The sound distracted her only for a second, but that was enough. Morning sickness dulled her reflexes. Before she knew what was happening, Hernandez had wrenched the gun out of her hand and was pressing the muzzle under her jaw.

The phone kept ringing.

Maia sat perfectly still, her heart pounding.

“Change of plans, Miss Lee,” Hernandez said. “You’ll be driving. This is going to end where it began.”

Without taking his eyes off her, he managed to find her purse and fish out the phone. He answered it on the fifth ring.

“Mr. Navarre,” he said. “What a surprise.”

Chapter 18

AFTER THE CALL, I DIDN’T CARE MUCH ABOUT THE KITCHEN burning around me, or the men with guns outside. All I cared about was getting out, getting to Maia.

“Twenty minutes?” Ralph cursed Etch Hernandez with Spanish epithets even I had never heard. “That’s impossible, vato.”

“Bigger fire,” I advised.

We splashed more brandy, piled on grocery bags and washrags and cardboard boxes, and in no time we had a nice blaze going along the back wall. Soon the curtains and the back door were in flames.

Ralph smashed out a window with his baseball bat.

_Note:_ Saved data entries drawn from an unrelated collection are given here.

lemma mat_eq_0_of_gram_eq_0:
  fixes D :: "real mat"
  assumes "D\<^sup>T * D = 0\<^sub>m (dim_col D) (dim_col D)"
  shows "D = 0\<^sub>m (dim_row D) (dim_col D)"
proof (rule eq_matI)
  fix i j assume "i < dim_row (0\<^sub>m (dim_row D) (dim_col D) :: real mat)"
    and "j < dim_col (0\<^sub>m (dim_row D) (dim_col D) :: real mat)"
  hence i: "i < dim_row D" and j: "j < dim_col D" by auto
  have "(\<Sum>k\<in>{0..<dim_row D}. D $$ (k,j) * D $$ (k,j)) = (D\<^sup>T * D) $$ (j,j)"
    using j by (simp add: scalar_prod_def)
  also have "\<dots> = 0" using assms j by simp
  finally have "\<forall>k\<in>{0..<dim_row D}. D $$ (k,j) * D $$ (k,j) = 0"
    by (subst sum_nonneg_eq_0_iff[symmetric]) auto
  thus "D $$ (i,j) = 0\<^sub>m (dim_row D) (dim_col D) $$ (i,j)" using i j by auto
qed auto

lemma row_echelon_generalized_inverse_exists:
  fixes C :: "'a :: field mat"
  assumes C: "C \<in> carrier_mat r c" and ref: "row_echelon_form C"
  shows "\<exists>H \<in> carrier_mat c r. C * H * C = C"
proof -
  from ref C obtain f where "pivot_fun C f c" unfolding row_echelon_form_def by auto
  note pf = pivot_funD[OF _ this, of r] C
  \<comment> \<open>Column i of H selects the pivot column of row i, so C * H is the identity on the pivot
    rows and vanishes on the zero rows.\<close>
  define H :: "'a mat" where "H = mat c r (\<lambda>(j,i). if f i < c \<and> j = f i then 1 else 0)"
  have H: "H \<in> carrier_mat c r" unfolding H_def by auto
  have CH: "(C * H) $$ (i,k) = (if f k < c \<and> i = k then 1 else 0)" if i: "i < r" and k: "k < r" for i k
  proof -
    have "(C * H) $$ (i,k) = (\<Sum>j\<in>{0..<c}. C $$ (i,j) * H $$ (j,k))"
      using C H i k by (simp add: scalar_prod_def)
    also have "\<dots> = (\<Sum>j\<in>{0..<c}. if j = f k then (if f k < c then C $$ (i,j) else 0) else 0)"
      using k by (intro sum.cong) (auto simp: H_def)
    also have "\<dots> = (if f k < c then C $$ (i, f k) else 0)" by (simp add: sum.delta)
    finally show ?thesis using pf(4)[OF _ k] pf(5)[OF _ k _ i] C by auto
  qed
  have "C * H * C = C"
  proof (rule eq_matI)
    fix i l assume "i < dim_row C" and "l < dim_col C"
    hence i: "i < r" and l: "l < c" using C by auto
    have "(C * H * C) $$ (i,l) = (\<Sum>k\<in>{0..<r}. (C * H) $$ (i,k) * C $$ (k,l))"
      using C H i l by (simp add: scalar_prod_def del: assoc_mult_mat)
    also have "\<dots> = (\<Sum>k\<in>{0..<r}. if k = i then (if f i < c then C $$ (i,l) else 0) else 0)"
      using i by (intro sum.cong) (auto simp: CH)
    also have "\<dots> = C $$ (i,l)"
    proof (cases "f i < c")
      case False
      hence "f i = c" using pf(1)[of i] i C by fastforce
      thus ?thesis using pf(2)[of i l] i l C by (simp add: sum.delta)
    qed (use i in \<open>simp add: sum.delta\<close>)
    finally show "(C * H * C) $$ (i,l) = C $$ (i,l)" .
  qed (use C H in auto)
  with H show ?thesis by blast
qed

lemma generalized_inverse_exists:
  fixes M :: "'a :: field mat"
  assumes M: "M \<in> carrier_mat r c"
  shows "\<exists>G \<in> carrier_mat c r. M * G * M = M"
proof -
  obtain C where gj: "gauss_jordan_single M = C" by blast
  note C = gauss_jordan_single(2-4)[OF M gj]
  then obtain P Q where PQ: "C = P * M" "P \<in> carrier_mat r r" "Q \<in> carrier_mat r r"
    "P * Q = 1\<^sub>m r" "Q * P = 1\<^sub>m r"
    by blast
  obtain H where H: "H \<in> carrier_mat c r" and CHC: "C * H * C = C"
    using row_echelon_generalized_inverse_exists[OF C(1,2)] by blast
  have M_eq: "M = Q * C" using PQ M by (simp add: assoc_mult_mat[symmetric, of Q r r P r M c])
  have "P * (Q * C) = C" using PQ(2-4) C(1) by (simp add: assoc_mult_mat[symmetric, of P r r Q r C c])
  then have "M * (H * P) * M = Q * (C * H * C)"
    unfolding M_eq using PQ(2,3) C(1) H by (simp add: assoc_mult_mat_dim carrier_matD del: assoc_mult_mat)
  also have "\<dots> = M" using CHC M_eq by simp
  finally show ?thesis using H PQ by (intro bexI[of _ "H * P"]) auto
qed

lemma symmetric_generalized_inverse_exists:
  fixes K :: "'a :: field mat"
  assumes K: "K \<in> carrier_mat n n" and sym: "K\<^sup>T = K"
  shows "\<exists>S \<in> carrier_mat n n. S\<^sup>T = S \<and> K * S * K = K"
proof -
  obtain G where G: "G \<in> carrier_mat n n" and KGK: "K * G * K = K"
    using generalized_inverse_exists[OF K] by blast
  note dims = carrier_matD[OF K] carrier_matD[OF G]
  have "K * G\<^sup>T * K = (K * G * K)\<^sup>T"
    using sym dims by (simp add: transpose_mult_dim assoc_mult_mat_dim del: assoc_mult_mat)
  hence KGTK: "K * G\<^sup>T * K = K" using KGK sym by simp
  define S where "S = G\<^sup>T * K * G"
  have "S\<^sup>T = S" unfolding S_def using sym dims
    by (simp add: transpose_mult_dim assoc_mult_mat_dim del: assoc_mult_mat)
  moreover have "K * S * K = (K * G\<^sup>T * K) * G * K" unfolding S_def using dims
    by (simp add: assoc_mult_mat_dim del: assoc_mult_mat)
  hence "K * S * K = K" using KGTK KGK by simp
  moreover have "S \<in> carrier_mat n n" unfolding S_def using G K by auto
  ultimately show ?thesis by blast
qed

lemma least_squares_inverse_exists:
  fixes M :: "real mat"
  assumes M: "M \<in> carrier_mat r c"
  shows "\<exists>X \<in> carrier_mat c r. M * X * M = M \<and> (M * X)\<^sup>T = M * X"
proof -
  have "M\<^sup>T * M \<in> carrier_mat c c" "(M\<^sup>T * M)\<^sup>T = M\<^sup>T * M"
    using M by (auto simp: transpose_mult_dim)
  then obtain S where S: "S \<in> carrier_mat c c" "S\<^sup>T = S"
    and KSK: "M\<^sup>T * M * S * (M\<^sup>T * M) = M\<^sup>T * M"
    using symmetric_generalized_inverse_exists by blast
  define X where "X = S * M\<^sup>T"
  define D where "D = M * X * M - M"
  note dims = carrier_matD[OF M] carrier_matD[OF S(1)]
  have D: "D \<in> carrier_mat r c" unfolding D_def X_def using dims by auto
  have MTD: "M\<^sup>T * D = 0\<^sub>m c c"
  proof -
    have "M\<^sup>T * D = M\<^sup>T * (M * X * M) - M\<^sup>T * M"
      unfolding D_def X_def using M S by (subst mult_minus_distrib_mat[of _ c r]) auto
    also have "M\<^sup>T * (M * X * M) = M\<^sup>T * M * S * (M\<^sup>T * M)"
      unfolding X_def using dims by (simp add: assoc_mult_mat_dim del: assoc_mult_mat)
    finally show ?thesis using KSK M by simp
  qed
  have X: "X \<in> carrier_mat c r" unfolding X_def using dims by auto
  \<comment> \<open>D is orthogonal to the columns of M while its own columns lie in the range of M.\<close>
  have "D\<^sup>T = (M * X * M)\<^sup>T - M\<^sup>T"
    unfolding D_def using M X by (intro transpose_minus[of _ r c]) auto
  hence "D\<^sup>T * D = (M * X * M)\<^sup>T * D - M\<^sup>T * D"
    using M X D by (simp add: minus_mult_distrib_mat[of _ c r])
  also have "(M * X * M)\<^sup>T * D = M\<^sup>T * X\<^sup>T * (M\<^sup>T * D)"
    unfolding X_def using dims D by (simp add: transpose_mult_dim assoc_mult_mat_dim del: assoc_mult_mat)
  finally have "D\<^sup>T * D = 0\<^sub>m c c" using MTD dims D X_def by auto
  hence D0: "D = 0\<^sub>m r c" using mat_eq_0_of_gram_eq_0[of D] D by auto
  have "M * X * M = M"
  proof (rule eq_matI)
    fix i j assume ij: "i < dim_row M" "j < dim_col M"
    hence "D $$ (i,j) = 0" using D0 dims by simp
    thus "(M * X * M) $$ (i,j) = M $$ (i,j)" unfolding D_def using ij X dims by simp
  qed (use X dims in auto)
  moreover have "(M * X)\<^sup>T = M * X"
    unfolding X_def using dims S(2) by (simp add: transpose_mult_dim assoc_mult_mat_dim del: assoc_mult_mat)
  ultimately show ?thesis using X by blast
qed

lemma moore_penrose_exists:
  fixes M :: "real mat"
  assumes M: "M \<in> carrier_mat r c"
  shows "\<exists>X. is_moore_penrose M X"
proof -
  obtain X1 where X1: "X1 \<in> carrier_mat c r" and MX1M: "M * X1 * M = M"
    and MX1: "(M * X1)\<^sup>T = M * X1"
    using least_squares_inverse_exists[OF M] by blast
  obtain X' where X': "X' \<in> carrier_mat r c" and MX'M: "M\<^sup>T * X' * M\<^sup>T = M\<^sup>T"
    and MX': "(M\<^sup>T * X')\<^sup>T = M\<^sup>T * X'"
    using least_squares_inverse_exists[of "M\<^sup>T"] M by auto
  define Y where "Y = X'\<^sup>T"
  note dims = carrier_matD[OF M] carrier_matD[OF X1] carrier_matD[OF X']
  have MYM: "M * Y * M = M"
    using arg_cong[OF MX'M, of transpose_mat] unfolding Y_def using dims
    by (simp add: transpose_mult_dim assoc_mult_mat_dim del: assoc_mult_mat)
  have YM: "(Y * M)\<^sup>T = Y * M"
    using MX' unfolding Y_def using dims by (simp add: transpose_mult_dim)
  \<comment> \<open>Y is a {1,4}-inverse of M, and Y M X1 is the classical Moore-Penrose inverse built from a
    {1,4}- and a {1,3}-inverse.\<close>
  define X where "X = Y * M * X1"
  have "M * X = M * Y * M * X1" "X * M = Y * (M * X1 * M)"
    unfolding X_def using dims Y_def by (simp_all add: assoc_mult_mat_dim del: assoc_mult_mat)
  hence MX: "M * X = M * X1" and XM: "X * M = Y * M" using MYM MX1M by simp_all
  have "X * M * X = Y * (M * Y * M) * X1"
    unfolding XM unfolding X_def using dims Y_def by (simp add: assoc_mult_mat_dim del: assoc_mult_mat)
  hence "X * M * X = X" using MYM unfolding X_def by simp
  moreover have "M * X * M = M" using MX MX1M by simp
  moreover have "X \<in> carrier_mat c r" unfolding X_def Y_def using dims by auto
  ultimately show ?thesis unfolding is_moore_penrose_def using MX XM MX1 YM M by auto
qed

lemma moore_penrose_unique:
  fixes M X Y :: "real mat"
  assumes X: "is_moore_penrose M X" and Y: "is_moore_penrose M Y"
  shows "X = Y"
proof -
  have Xc: "X \<in> carrier_mat (dim_col M) (dim_row M)" and MXM: "M * X * M = M"
    and XMX: "X * M * X = X" and MX: "(M * X)\<^sup>T = M * X" and XM: "(X * M)\<^sup>T = X * M"
    using X unfolding is_moore_penrose_def by blast+
  have Yc: "Y \<in> carrier_mat (dim_col M) (dim_row M)" and MYM: "M * Y * M = M"
    and YMY: "Y * M * Y = Y" and MY: "(M * Y)\<^sup>T = M * Y" and YM: "(Y * M)\<^sup>T = Y * M"
    using Y unfolding is_moore_penrose_def by blast+
  note dims = carrier_matD[OF Xc] carrier_matD[OF Yc]
  have "X = X * (M * X)\<^sup>T" using XMX MX dims by (simp add: assoc_mult_mat_dim del: assoc_mult_mat)
  also have "\<dots> = X * (X\<^sup>T * (M * Y * M)\<^sup>T)" using MYM dims by (simp add: transpose_mult_dim)
  also have "\<dots> = X * (M * X)\<^sup>T * (M * Y)\<^sup>T"
    using dims by (simp add: transpose_mult_dim assoc_mult_mat_dim del: assoc_mult_mat)
  also have "\<dots> = X * M * X * M * Y" using MX MY dims by (simp add: assoc_mult_mat_dim del: assoc_mult_mat)
  also have "\<dots> = X * M * Y" by (simp only: XMX)
  finally have X_eq: "X = X * M * Y" .
  have "Y = (Y * M)\<^sup>T * Y" using YMY YM by simp
  also have "\<dots> = (M * X * M)\<^sup>T * Y\<^sup>T * Y" using MXM dims by (simp add: transpose_mult_dim)
  also have "\<dots> = (X * M)\<^sup>T * (Y * M)\<^sup>T * Y"
    using dims by (simp add: transpose_mult_dim assoc_mult_mat_dim del: assoc_mult_mat)
  also have "\<dots> = X * M * (Y * M * Y)" using XM YM dims by (simp add: assoc_mult_mat_dim del: assoc_mult_mat)
  also have "\<dots> = X * M * Y" by (simp only: YMY)
  finally show ?thesis using X_eq by simp
qed

lemma mp_inverse_is_moore_penrose:
  assumes "M \<in> carrier_mat r c"
  shows "is_moore_penrose M (mp_inverse M)"
  unfolding mp_inverse_def
  using moore_penrose_exists[OF assms] moore_penrose_unique by (metis theI)

lemma mp_inverse_carrier:
  assumes "M \<in> carrier_mat r c"
  shows "mp_inverse M \<in> carrier_mat c r"
  using mp_inverse_is_moore_penrose[OF assms] assms unfolding is_moore_penrose_def by simp

lemma mult_mp_inverse_mult:
  assumes "M \<in> carrier_mat r c"
  shows "M * mp_inverse M * M = M" and "mp_inverse M * M * mp_inverse M = mp_inverse M"
    and "(mp_inverse M * M)\<^sup>T = mp_inverse M * M"
  using mp_inverse_is_moore_penrose[OF assms] unfolding is_moore_penrose_def by blast+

He threw a Molotov cocktail toward the driveway and was rewarded with a loud BA-ROOM and some surprised yelps from the men outside.

“The kitchen’s on fire!” one of them yelled.

Full points for powers of observation.

They banged on the back door, found it too hot to touch.

“Around to the front!” somebody yelled.

Perfect.

The guys on the interior door hammered away with newfound zeal. The refrigerator rattled and rocked.

“Another few seconds,” Ralph said.

“Smoke,” I warned. “No time.”

I could barely see. Forget breathing.

Ralph climbed onto the kitchen sink. He kicked open the only window that wasn’t in flames and jumped. I was right behind him.

The diversion almost worked. At least, there was no one waiting to shoot us as we crashed through a pomegranate bush and tumbled onto the back lawn.

We wove between banquet tables, trying to avoid broken champagne glasses and soggy paper plates of leftover food.

We were just passing the pavilion tent, about halfway to the woods, when Alex Cole yelled, “Freeze!”

He had anticipated our plan well enough to position himself on the back veranda of the house. He’d exchanged his Krispy Kreme doughnuts for an automatic assault rifle. Even from halfway across the yard, I was pretty sure a full clip would turn us into Swiss cheese.